* **Exercise aim**: Copy out all lines in the data below containing the string "supersolution".

* **The records**:
definition C21_at ::
  "(real^'n \<Rightarrow> real \<Rightarrow> real) \<Rightarrow> (real^'n \<Rightarrow> real \<Rightarrow> real^'n) \<Rightarrow> (real^'n \<Rightarrow> real \<Rightarrow> real^'n^'n)
   \<Rightarrow> (real^'n \<Rightarrow> real \<Rightarrow> real) \<Rightarrow> (real^'n) \<times> real \<Rightarrow> bool" where
  "C21_at phi phix phixx phit z \<longleftrightarrow>
    (\<exists>U. open U \<and> z \<in> U \<and>
      (\<forall>(x, t)\<in>U.
          ((\<lambda>y. phi y t) has_derivative (\<lambda>h. phix x t \<bullet> h)) (at x) \<and>
          ((\<lambda>y. phix y t) has_derivative (\<lambda>h. phixx x t *v h)) (at x) \<and>
          ((\<lambda>s. phi x s) has_real_derivative phit x t) (at t)) \<and>
      continuous_on U (\<lambda>(x, t). phixx x t) \<and>
      continuous_on U (\<lambda>(x, t). phit x t))"

text \<open>Viscosity subsolution of F(x,t,u,Du,D^2u) - u_t = 0 in the set D (local extrema are
  taken relative to D, so boundary points of D belonging to D, e.g. an upper base, are included).\<close>
definition visc_subsol ::
  "(real^'n \<Rightarrow> real \<Rightarrow> real \<Rightarrow> real^'n \<Rightarrow> real^'n^'n \<Rightarrow> real) \<Rightarrow> ((real^'n) \<times> real) set
   \<Rightarrow> (real^'n \<Rightarrow> real \<Rightarrow> real) \<Rightarrow> bool" where
  "visc_subsol F D u \<longleftrightarrow>
    (\<forall>x0 t0 phi phix phixx phit. (x0, t0) \<in> D \<longrightarrow> C21_at phi phix phixx phit (x0, t0) \<longrightarrow>
       (\<exists>e>0. \<forall>x t. (x, t) \<in> D \<longrightarrow> dist (x, t) (x0, t0) < e \<longrightarrow>
                u x t - phi x t \<le> u x0 t0 - phi x0 t0) \<longrightarrow>
       F x0 t0 (u x0 t0) (phix x0 t0) (phixx x0 t0) - phit x0 t0 \<ge> 0)"

definition visc_supersol ::
  "(real^'n \<Rightarrow> real \<Rightarrow> real \<Rightarrow> real^'n \<Rightarrow> real^'n^'n \<Rightarrow> real) \<Rightarrow> ((real^'n) \<times> real) set
   \<Rightarrow> (real^'n \<Rightarrow> real \<Rightarrow> real) \<Rightarrow> bool" where
  "visc_supersol F D u \<longleftrightarrow>
    (\<forall>x0 t0 phi phix phixx phit. (x0, t0) \<in> D \<longrightarrow> C21_at phi phix phixx phit (x0, t0) \<longrightarrow>
       (\<exists>e>0. \<forall>x t. (x, t) \<in> D \<longrightarrow> dist (x, t) (x0, t0) < e \<longrightarrow>
                u x t - phi x t \<ge> u x0 t0 - phi x0 t0) \<longrightarrow>
       F x0 t0 (u x0 t0) (phix x0 t0) (phixx x0 t0) - phit x0 t0 \<le> 0)"

definition inclined_cyl :: "real^'n \<Rightarrow> real^'n \<Rightarrow> real \<Rightarrow> real \<Rightarrow> real \<Rightarrow> ((real^'n) \<times> real) set" where
  "inclined_cyl eta x0 R t1 t2 =
     {(x, t). norm (x - (x0 + (t - t1) *\<^sub>R eta)) < R \<and> t1 < t \<and> t \<le> t2}"

end

theory Submission
  imports Defs
begin

text \<open>Barrier argument along the axis a(t) = x0 + (t - t1) \<eta> of the cylinder. If u(a(s), s) < M
  for some s < t2, continuity gives a disc |x - a(s)| \<le> \<rho> on which u < M - e. On the tube
  |x - a(t)| \<le> \<rho>, s \<le> t \<le> t2, use the moving Gaussian
  \<phi>(x, t) = -e exp(-K(t - s)) (exp(-\<alpha>|x - a(t)|^2) - exp(-\<alpha>\<rho>^2)).
  It vanishes on the lateral boundary, is at least -e on the bottom and negative at (a(t2), t2), so
  the maximum of u - \<phi> over the tube exceeds M = u(a(t2), t2) and is attained off the bottom and
  the lateral boundary: a local maximum relative to the cylinder.
  For \<alpha> and then K large, the structure condition makes \<phi> a strict classical supersolution
  wherever u > \<phi> (this needs M \<ge> 0 and c \<le> 0), contradicting the subsolution inequality at that
  maximum. The supersolution case is the subsolution case for -u and -F(x, t, -r, -p, -X), which
  satisfies (S) with the same constants.\<close>

definition outer_prod :: "real^'n \<Rightarrow> real^'n^'n" where
  "outer_prod y = (\<chi> i j. y$i * y$j)"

* **Answer for the task**:
  For \<alpha> and then K large, the structure condition makes \<phi> a strict classical supersolution
  maximum. The supersolution case is the subsolution case for -u and -F(x, t, -r, -p, -X), which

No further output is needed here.